In this paper we analyze some aspects of the question of using methods from model theory to study structures of functional analysis.
By a well known result of P. Lindström, one cannot extend the expressive power of first order logic and yet preserve its most outstanding model theoretic characteristics (e.g., compactness and the Löwenheim-Skolem theorem). However, one may consider extending the scope of first order in a different sense, specifically, by expanding the class of structures that are regarded as models (e.g., including Banach algebras or other structures of functional analysis), and ask whether the resulting extensions of first order model theory preserve some of its desirable characteristics.
A formal framework for the study of structures based on Banach spaces from the perspective of model theory was first introduced by C. W. Henson in [8] and [6]. Notions of syntax and semantics for these structures were defined, and it was shown that using them one obtains a model theoretic apparatus that satisfies many of the fundamental properties of first order model theory. For instance, one has compactness, Löwenheim-Skolem, and omitting types theorems. Further aspects of the theory, namely, the fundamentals of stability and forking, were first introduced in [10] and [9].

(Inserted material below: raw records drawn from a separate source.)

lemma b_sq_bounds_from_terminal:
  "k \<le> N - 1 \<Longrightarrow>
     1/4 + real k / 3 - real k / (12 * (real k + 1)) \<le> b (N - 1 - k)^2 \<and> b (N - 1 - k)^2 \<le> 1/4 + real k / 3"
proof (induction k)
  case 0
  have "b (N - 1)^2 = 1/4"
    by (simp only: b_terminal) (simp add: power_divide)
  then show ?case
    by simp
next
  case (Suc k)
  define n where "n = N - 1 - k"
  have n: "1 \<le> n" "n \<le> N - 1" "N - 1 - Suc k = n - 1"
    using Suc.prems by (auto simp: n_def)
  have IH: "1/4 + real k / 3 - real k / (12 * (real k + 1)) \<le> b n^2" "b n^2 \<le> 1/4 + real k / 3"
    using Suc.IH[OF Suc_leD[OF Suc.prems]] unfolding n_def by blast+
  define x where "x = c n^2"
  have "real k / (12 * (real k + 1)) \<le> real k / 12"
    by (rule frac_le) auto
  then have "(real k + 1) / 4 \<le> b n^2"
    using IH by simp
  have "x \<le> 1 / (9 * ((real k + 1) / 4))"
    unfolding x_def by (rule c_sq_le_if_b_sq_ge[OF n(1,2) _ \<open>(real k + 1) / 4 \<le> b n^2\<close>]) simp
  moreover have "x > 0"
    using c_pos_before_terminal[OF n(1,2)] by (simp add: x_def)
  ultimately have "x^2 \<le> (4 / (9 * (real k + 1)))^2"
    by (intro power_mono) simp_all
  also have "\<dots> = 16 / (81 * (real k + 1)^2)"
    by (simp only: power_divide power_mult_distrib) simp
  finally have "x^2 / 9 \<le> 16 / (729 * (real k + 1)^2)"
    by simp
  moreover have "real k / (12 * (real k + 1)) + 16 / (729 * (real k + 1)^2)
      \<le> (real k + 1) / (12 * (real k + 1 + 1))"
    using shortfall_budget_step[of "real k + 1"] by simp
  ultimately have "1/4 + (real k + 1) / 3 - (real k + 1) / (12 * (real k + 1 + 1)) \<le> b (n - 1)^2"
    using IH(1) b_sq_step_bounds(1)[OF n(1,2)] unfolding x_def add_divide_distrib by linarith
  moreover have "b (n - 1)^2 \<le> 1/4 + (real k + 1) / 3"
    using IH(2) b_sq_step_bounds(2)[OF n(1,2)] unfolding add_divide_distrib by linarith
  moreover have "real (Suc k) = real k + 1"
    by simp
  ultimately show ?case
    unfolding n(3) by (simp add: add.commute)
qed

lemma b_sq_bounds:
  assumes "n \<le> N - 1"
  shows "1/6 + (real N - 1 - real n) / 3 \<le> b n^2"
    and "b n^2 \<le> 1/4 + (real N - 1 - real n) / 3"
    and "(real N - real n) / 4 \<le> b n^2"
proof -
  define k where "k = N - 1 - n"
  have k: "N - 1 - k = n" "real k = real N - 1 - real n" "real N - real n = real k + 1"
    using assms N_ge_1 by (auto simp: k_def)
  have frac: "real k / (12 * (real k + 1)) \<le> 1/12" "real k / (12 * (real k + 1)) \<le> real k / 12"
    by (simp add: divide_simps) (rule frac_le; simp)
  have "k \<le> N - 1"
    by (simp add: k_def)
  from b_sq_bounds_from_terminal[OF this] have
    "1/4 + real k / 3 - real k / (12 * (real k + 1)) \<le> b n^2" "b n^2 \<le> 1/4 + real k / 3"
    unfolding k(1) by simp_all
  moreover have "(real k + 1) / 4 = 1/4 + real k / 3 - real k / 12"
    by simp
  ultimately show "1/6 + (real N - 1 - real n) / 3 \<le> b n^2"
    and "b n^2 \<le> 1/4 + (real N - 1 - real n) / 3"
    and "(real N - real n) / 4 \<le> b n^2"
    unfolding k(2)[symmetric] k(3) using frac by linarith+
qed

lemma c_sq_le:
  assumes "1 \<le> n" "n \<le> N - 1"
  shows "c n^2 \<le> 4 / (9 * (real N - real n))"
  using c_sq_le_if_b_sq_ge[OF assms _ b_sq_bounds(3)[OF assms(2)]] assms by simp

lemma b_minus_2a_bounds_from_terminal:
  "k \<le> N - 1 \<Longrightarrow>
     0 \<le> b (N - 1 - k) - 2 * a (N - 1 - k)
     \<and> b (N - 1 - k) - 2 * a (N - 1 - k) + 1 / (2 * b (N - 1 - k)) \<le> 3/2"
proof (induction k)
  case 0
  show ?case
    by (simp only: diff_zero a_terminal b_terminal) simp
next
  case (Suc k)
  define n where "n = N - 1 - k"
  have n: "1 \<le> n" "n \<le> N - 1" "N - 1 - Suc k = n - 1"
    using Suc.prems by (auto simp: n_def)
  define d where "d m = b m - 2 * a m" for m
  have IH: "0 \<le> d n" "d n + 1 / (2 * b n) \<le> 3/2"
    using Suc.IH[OF Suc_leD[OF Suc.prems]] unfolding n_def d_def by blast+
  have c: "c n > 0"
    using c_pos_before_terminal[OF n(1,2)] .
  have d_step: "d (n - 1) = d n / sqrt (1 + c n^2) + c n^3 / (1 + c n^2)"
    using step_closed_forms(3)[OF n(1,2)] by (simp add: d_def)
  have p: "0 < 1 + c n^2"
    by (simp add: add_pos_nonneg)
  then have "0 \<le> d n / sqrt (1 + c n^2)" "d n / sqrt (1 + c n^2) \<le> d n"
    using IH(1) by (simp_all add: divide_le_eq mult_le_cancel_left1)
  moreover have "0 \<le> c n^3 / (1 + c n^2)" "c n^3 / (1 + c n^2) \<le> c n^3"
    using c p by (simp_all add: divide_le_eq mult_le_cancel_left1)
  moreover have "1 / (2 * b n) = (1 / b n) / 2" "1 / (2 * b (n - 1)) = (1 / b (n - 1)) / 2"
    by simp_all
  ultimately show ?case
    using IH d_step inverse_b_increment[OF n(1,2)] unfolding n(3) d_def[symmetric] by linarith
qed

lemma b_minus_2a_bounds:
  assumes "n \<le> N - 1"
  shows "0 \<le> b n - 2 * a n" "b n - 2 * a n \<le> 3/2"
proof -
  have "N - 1 - (N - 1 - n) = n"
    using assms by simp
  with b_minus_2a_bounds_from_terminal[of "N - 1 - n"]
  have "0 \<le> b n - 2 * a n" "b n - 2 * a n + 1 / (2 * b n) \<le> 3/2"
    by simp_all
  moreover have "0 < 1 / (2 * b n)"
    using b_pos[OF assms] by simp
  ultimately show "0 \<le> b n - 2 * a n" "b n - 2 * a n \<le> 3/2"
    by linarith+
qed

lemma b_sq_product_step:
  assumes "1 \<le> n" "n \<le> N - 1"
  shows "b n^2 * (1 + c n^2)^3 \<le> b (n - 1)^2"
    and "b (n - 1)^2 \<le> b n^2 * (1 + c n^2)^3 * exp (4 * (c n^2)^3)"
proof -
  define x where "x = c n^2"
  define \<rho> where "\<rho> = (1 + 2 * x) / ((1 - x^2) * (1 + x)^2)"
  have "x \<le> 4 / (9 * (real N - real n))"
    using c_sq_le[OF assms] by (simp add: x_def)
  also have "\<dots> \<le> 4 / 9"
    using assms by (simp add: divide_simps)
  finally have x: "0 < x" "x \<le> 1/2"
    using c_pos_before_terminal[OF assms] by (simp_all add: x_def)
  have "1 \<le> \<rho>" "\<rho> \<le> 1 + 2 * x^3"
    using closed_form_ratio_bounds[OF x] by (simp_all add: \<rho>_def)
  moreover have "1 + 2 * x^3 \<le> exp (2 * x^3)"
    by (rule exp_ge_add_one_self)
  ultimately have "1 \<le> \<rho>" "\<rho> \<le> exp (2 * x^3)"
    by linarith+
  then have "1 \<le> \<rho>^2" "\<rho>^2 \<le> exp (2 * x^3)^2"
    by (simp_all add: power_mono)
  moreover have "exp (2 * x^3)^2 = exp (4 * x^3)"
    by (simp flip: exp_double)
  ultimately have \<rho>: "1 \<le> \<rho>^2" "\<rho>^2 \<le> exp (4 * x^3)"
    by simp_all
  define Y where "Y = b n^2 * (1 + x)^3"
  have Y: "0 \<le> Y"
    using x by (simp add: Y_def)
  have "b (n - 1)^2 = \<rho>^2 * Y"
    using b_sq_ratio[OF assms] by (simp add: \<rho>_def x_def Y_def)
  with mult_right_mono[OF \<rho>(1) Y] mult_right_mono[OF \<rho>(2) Y]
  show "b n^2 * (1 + c n^2)^3 \<le> b (n - 1)^2"
    and "b (n - 1)^2 \<le> b n^2 * (1 + c n^2)^3 * exp (4 * (c n^2)^3)"
    by (simp_all add: Y_def x_def mult.commute)
qed

lemma b0_sq_product_bounds:
  "n \<le> N - 1 \<Longrightarrow>
     b n^2 * (\<Prod>j\<in>{1..n}. 1 + c j^2)^3 \<le> b 0^2
     \<and> b 0^2 \<le> b n^2 * (\<Prod>j\<in>{1..n}. 1 + c j^2)^3 * exp (4 * (\<Sum>j\<in>{1..n}. (c j^2)^3))"
proof (induction n)
  case (Suc n)
  define P where "P = (\<Prod>j\<in>{1..n}. 1 + c j^2)^3"
  define E where "E = exp (4 * (\<Sum>j\<in>{1..n}. (c j^2)^3))"
  have n: "1 \<le> Suc n" "Suc n \<le> N - 1"
    using Suc.prems by auto
  have IH: "b n^2 * P \<le> b 0^2" "b 0^2 \<le> b n^2 * P * E"
    using Suc by (simp_all add: P_def E_def)
  have PE: "0 \<le> P" "0 \<le> E"
    unfolding P_def E_def by (simp_all add: prod_nonneg)
  note step = b_sq_product_step[OF n, unfolded diff_Suc_1]
  have "b (Suc n)^2 * (1 + c (Suc n)^2)^3 * P \<le> b 0^2"
    using IH(1) mult_right_mono[OF step(1) PE(1)] by linarith
  moreover have "b 0^2 \<le> b (Suc n)^2 * (1 + c (Suc n)^2)^3 * exp (4 * (c (Suc n)^2)^3) * P * E"
    using IH(2) mult_right_mono[OF mult_right_mono[OF step(2) PE(1)] PE(2)] by linarith
  ultimately show ?case
    by (simp add: P_def E_def power_mult_distrib exp_add distrib_left mult_ac)
qed simp

lemma sum_c_sq_cube_le:
  assumes "n \<le> N - 1"
  shows "(\<Sum>j\<in>{1..n}. (c j^2)^3) \<le> real n * (4 / (9 * (real N - real n)))^3"
proof -
  have "(c j^2)^3 \<le> (4 / (9 * (real N - real n)))^3" if "j \<in> {1..n}" for j
  proof -
    have "c j^2 \<le> 4 / (9 * (real N - real j))"
      using that assms by (intro c_sq_le) auto
    also have "\<dots> \<le> 4 / (9 * (real N - real n))"
      using that assms by (intro divide_left_mono mult_left_mono mult_pos_pos) auto
    finally show ?thesis
      by (intro power_mono) auto
  qed
  then show ?thesis
    using sum_bounded_above[of "{1..n}" "\<lambda>j. (c j^2)^3"] by simp
qed

lemma b0_sq_upper_bound:
  assumes "n \<le> N - 1"
  shows "b 0^2 \<le> b n^2 * (\<Prod>j\<in>{1..n}. 1 + c j^2)^3 * exp (4 * (real n * (4 / (9 * (real N - real n)))^3))"
proof -
  have "b 0^2 \<le> b n^2 * (\<Prod>j\<in>{1..n}. 1 + c j^2)^3 * exp (4 * (\<Sum>j\<in>{1..n}. (c j^2)^3))"
    using b0_sq_product_bounds[OF assms] by blast
  also have "\<dots> \<le> b n^2 * (\<Prod>j\<in>{1..n}. 1 + c j^2)^3 * exp (4 * (real n * (4 / (9 * (real N - real n)))^3))"
    using sum_c_sq_cube_le[OF assms]
    by (intro mult_left_mono) (auto intro!: mult_nonneg_nonneg zero_le_power2 zero_le_power prod_nonneg)
  finally show ?thesis .
qed

end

The classes of mathematical structures formally encompassed by this framework are normed linear spaces, possibly expanded with additional structure, e.g., operations, real-valued relations, and constants. This notion subsumes wide classes of structures from functional analysis. However, the restriction that the universe of a structure be a normed space is not necessary. (This restriction has a historical, rather than technical origin; specifically, the development of the theory was originally motivated by questions in Banach space geometry.) Analogous techniques can be applied if the universe is a metric space. Now, when the underlying metric topology is discrete, the resulting model theory coincides with first order model theory, so this logic extends first order in the sense described above. Furthermore, without any cost in the mathematical complexity, one can also work in multi-sorted contexts, so, for instance, one sort could be an operator algebra while another is. say, a metric space.